(Work required) Give back each line of the data exactly.

(Task inputs)

▼

lemma compact_inner_extremal_points:
  fixes K :: "'a::real_inner set"
  assumes "compact K" "K \<noteq> {}"
  obtains kg kh where "kg \<in> K" "kh \<in> K"
    "\<forall>k\<in>K. inner u kg \<le> inner u k \<and> inner u k \<le> inner u kh"
proof -
  have "continuous_on K (inner u)" by (intro continuous_intros)
  then show ?thesis
    using continuous_attains_inf[OF assms] continuous_attains_sup[OF assms] that by metis
qed

lemma non_separable_homothets_inner_le_translate:
  fixes K :: "'a::euclidean_space set" and \<tau> :: "nat \<Rightarrow> real" and n :: nat
  defines "d \<equiv> real DIM('a)" and "T \<equiv> \<Sum>i<n. \<tau> i" and "Q \<equiv> \<Sum>i<n. (\<tau> i)\<^sup>2"
  assumes \<tau>: "\<And>i. i < n \<Longrightarrow> 0 < \<tau> i"
    and ns: "non_separable {homothet (o' i) (\<tau> i) K | i. i < n}" and "u \<noteq> 0"
    and extr: "kg \<in> K" "kh \<in> K" "\<forall>k\<in>K. inner u kg \<le> inner u k \<and> inner u k \<le> inner u kh"
    and z: "z \<in> K" "\<forall>x\<in>K. \<exists>y\<in>K. (d + 1) *\<^sub>R z = x + d *\<^sub>R y"
    and x: "x \<in> (\<Union>i<n. homothet (o' i) (\<tau> i) K)"
  shows "inner u x \<le> inner u ((1 / T) *\<^sub>R (\<Sum>i<n. \<tau> i *\<^sub>R o' i)
      - ((d + 1) / 2 * T - Q / T) *\<^sub>R z) + (d + 1) / 2 * T * inner u kh"
proof -
  have "0 < T" unfolding T_def using x \<tau> by (intro sum_pos) auto
  have "0 \<le> Q" "Q \<le> T\<^sup>2"
    unfolding Q_def T_def using \<tau> by (auto intro: sum_nonneg sum_power2_le_power2_sum less_imp_le)
  obtain y where "y \<in> K" "(d + 1) *\<^sub>R z = kg + d *\<^sub>R y"
    using z extr(1) by blast
  then have "(d + 1) * inner u z \<le> inner u kg + d * inner u kh"
    using extr
    by (auto simp: d_def inner_add_right intro!: mult_left_mono dest!: arg_cong[where f = "inner u"])
  moreover have "T * inner u x \<le> T * inner u ((1 / T) *\<^sub>R (\<Sum>i<n. \<tau> i *\<^sub>R o' i))
      + Q * (inner u kh + inner u kg) / 2 + T\<^sup>2 * (inner u kh - inner u kg) / 2"
    using non_separable_homothets_inner_bound[OF _ ns \<open>u \<noteq> 0\<close> extr x] \<tau> \<open>0 < T\<close>
    unfolding T_def Q_def by (simp add: inner_sum_right less_imp_le)
  ultimately show ?thesis
    using centre_shift_inequality[OF \<open>0 < T\<close> \<open>0 \<le> Q\<close> \<open>Q \<le> T\<^sup>2\<close>] extr z(1)
    unfolding d_def by (simp add: inner_diff_right)
qed

theorem corollary6:
  fixes K :: "'a::euclidean_space set"
    and o' :: "nat \<Rightarrow> 'a" and \<tau> :: "nat \<Rightarrow> real" and n :: nat
  assumes "convex_body K"
    and "\<And>i. i < n \<Longrightarrow> \<tau> i > 0"
    and "non_separable {homothet (o' i) (\<tau> i) K | i. i < n}"
  shows "\<exists>t. (\<Union>i<n. homothet (o' i) (\<tau> i) K)
              \<subseteq> homothet t ((real DIM('a) + 1) / 2 * (\<Sum>i<n. \<tau> i)) K"
proof (cases "n = 0")
  case True
  then show ?thesis by simp
next
  case False
  have K: "compact K" "convex K" "K \<noteq> {}"
    using assms(1) interior_subset unfolding convex_body_def by auto
  obtain z where z: "z \<in> K"
    "\<forall>x\<in>K. \<exists>y\<in>K. (real DIM('a) + 1) *\<^sub>R z = x + real DIM('a) *\<^sub>R y"
    using exists_Minkowski_centre[OF K] by blast
  define T where "T = (\<Sum>i<n. \<tau> i)"
  define t where "t = (1 / T) *\<^sub>R (\<Sum>i<n. \<tau> i *\<^sub>R o' i)
    - ((real DIM('a) + 1) / 2 * T - (\<Sum>i<n. (\<tau> i)\<^sup>2) / T) *\<^sub>R z"
  have "x \<in> homothet t ((real DIM('a) + 1) / 2 * T) K"
    if x: "x \<in> (\<Union>i<n. homothet (o' i) (\<tau> i) K)" for x
  proof (rule mem_homothet_if_inner_le[OF compact_imp_closed[OF K(1)] K(2,3)])
    show "0 < (real DIM('a) + 1) / 2 * T"
      unfolding T_def using False assms(2) by (intro mult_pos_pos sum_pos) auto
    fix u :: 'a assume "u \<noteq> 0"
    obtain kg kh where extr: "kg \<in> K" "kh \<in> K"
      "\<forall>k\<in>K. inner u kg \<le> inner u k \<and> inner u k \<le> inner u kh"
      using compact_inner_extremal_points[OF K(1,3)] by blast
    show "\<exists>k\<in>K. inner u x \<le> inner u t + (real DIM('a) + 1) / 2 * T * inner u k"
      using non_separable_homothets_inner_le_translate[OF assms(2,3) \<open>u \<noteq> 0\<close> extr z x] extr(2)
      unfolding t_def T_def by blast
  qed
  then show ?thesis unfolding T_def by blast
qed

end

▲

(Response for this exercise)
lemma compact_inner_extremal_points:
  fixes K :: "'a::real_inner set"
  assumes "compact K" "K \<noteq> {}"
  obtains kg kh where "kg \<in> K" "kh \<in> K"
    "\<forall>k\<in>K. inner u kg \<le> inner u k \<and> inner u k \<le> inner u kh"
proof -
  have "continuous_on K (inner u)" by (intro continuous_intros)
  then show ?thesis
    using continuous_attains_inf[OF assms] continuous_attains_sup[OF assms] that by metis
qed

lemma non_separable_homothets_inner_le_translate:
  fixes K :: "'a::euclidean_space set" and \<tau> :: "nat \<Rightarrow> real" and n :: nat
  defines "d \<equiv> real DIM('a)" and "T \<equiv> \<Sum>i<n. \<tau> i" and "Q \<equiv> \<Sum>i<n. (\<tau> i)\<^sup>2"
  assumes \<tau>: "\<And>i. i < n \<Longrightarrow> 0 < \<tau> i"
    and ns: "non_separable {homothet (o' i) (\<tau> i) K | i. i < n}" and "u \<noteq> 0"
    and extr: "kg \<in> K" "kh \<in> K" "\<forall>k\<in>K. inner u kg \<le> inner u k \<and> inner u k \<le> inner u kh"
    and z: "z \<in> K" "\<forall>x\<in>K. \<exists>y\<in>K. (d + 1) *\<^sub>R z = x + d *\<^sub>R y"
    and x: "x \<in> (\<Union>i<n. homothet (o' i) (\<tau> i) K)"
  shows "inner u x \<le> inner u ((1 / T) *\<^sub>R (\<Sum>i<n. \<tau> i *\<^sub>R o' i)
      - ((d + 1) / 2 * T - Q / T) *\<^sub>R z) + (d + 1) / 2 * T * inner u kh"
proof -
  have "0 < T" unfolding T_def using x \<tau> by (intro sum_pos) auto
  have "0 \<le> Q" "Q \<le> T\<^sup>2"
    unfolding Q_def T_def using \<tau> by (auto intro: sum_nonneg sum_power2_le_power2_sum less_imp_le)
  obtain y where "y \<in> K" "(d + 1) *\<^sub>R z = kg + d *\<^sub>R y"
    using z extr(1) by blast
  then have "(d + 1) * inner u z \<le> inner u kg + d * inner u kh"
    using extr
    by (auto simp: d_def inner_add_right intro!: mult_left_mono dest!: arg_cong[where f = "inner u"])
  moreover have "T * inner u x \<le> T * inner u ((1 / T) *\<^sub>R (\<Sum>i<n. \<tau> i *\<^sub>R o' i))
      + Q * (inner u kh + inner u kg) / 2 + T\<^sup>2 * (inner u kh - inner u kg) / 2"
    using non_separable_homothets_inner_bound[OF _ ns \<open>u \<noteq> 0\<close> extr x] \<tau> \<open>0 < T\<close>
    unfolding T_def Q_def by (simp add: inner_sum_right less_imp_le)
  ultimately show ?thesis
    using centre_shift_inequality[OF \<open>0 < T\<close> \<open>0 \<le> Q\<close> \<open>Q \<le> T\<^sup>2\<close>] extr z(1)
    unfolding d_def by (simp add: inner_diff_right)
qed

theorem corollary6:
  fixes K :: "'a::euclidean_space set"
    and o' :: "nat \<Rightarrow> 'a" and \<tau> :: "nat \<Rightarrow> real" and n :: nat
  assumes "convex_body K"
    and "\<And>i. i < n \<Longrightarrow> \<tau> i > 0"
    and "non_separable {homothet (o' i) (\<tau> i) K | i. i < n}"
  shows "\<exists>t. (\<Union>i<n. homothet (o' i) (\<tau> i) K)
              \<subseteq> homothet t ((real DIM('a) + 1) / 2 * (\<Sum>i<n. \<tau> i)) K"
proof (cases "n = 0")
  case True
  then show ?thesis by simp
next
  case False
  have K: "compact K" "convex K" "K \<noteq> {}"
    using assms(1) interior_subset unfolding convex_body_def by auto
  obtain z where z: "z \<in> K"
    "\<forall>x\<in>K. \<exists>y\<in>K. (real DIM('a) + 1) *\<^sub>R z = x + real DIM('a) *\<^sub>R y"
    using exists_Minkowski_centre[OF K] by blast
  define T where "T = (\<Sum>i<n. \<tau> i)"
  define t where "t = (1 / T) *\<^sub>R (\<Sum>i<n. \<tau> i *\<^sub>R o' i)
    - ((real DIM('a) + 1) / 2 * T - (\<Sum>i<n. (\<tau> i)\<^sup>2) / T) *\<^sub>R z"
  have "x \<in> homothet t ((real DIM('a) + 1) / 2 * T) K"
    if x: "x \<in> (\<Union>i<n. homothet (o' i) (\<tau> i) K)" for x
  proof (rule mem_homothet_if_inner_le[OF compact_imp_closed[OF K(1)] K(2,3)])
    show "0 < (real DIM('a) + 1) / 2 * T"
      unfolding T_def using False assms(2) by (intro mult_pos_pos sum_pos) auto
    fix u :: 'a assume "u \<noteq> 0"
    obtain kg kh where extr: "kg \<in> K" "kh \<in> K"
      "\<forall>k\<in>K. inner u kg \<le> inner u k \<and> inner u k \<le> inner u kh"
      using compact_inner_extremal_points[OF K(1,3)] by blast
    show "\<exists>k\<in>K. inner u x \<le> inner u t + (real DIM('a) + 1) / 2 * T * inner u k"
      using non_separable_homothets_inner_le_translate[OF assms(2,3) \<open>u \<noteq> 0\<close> extr z x] extr(2)
      unfolding t_def T_def by blast
  qed
  then show ?thesis unfolding T_def by blast
qed

end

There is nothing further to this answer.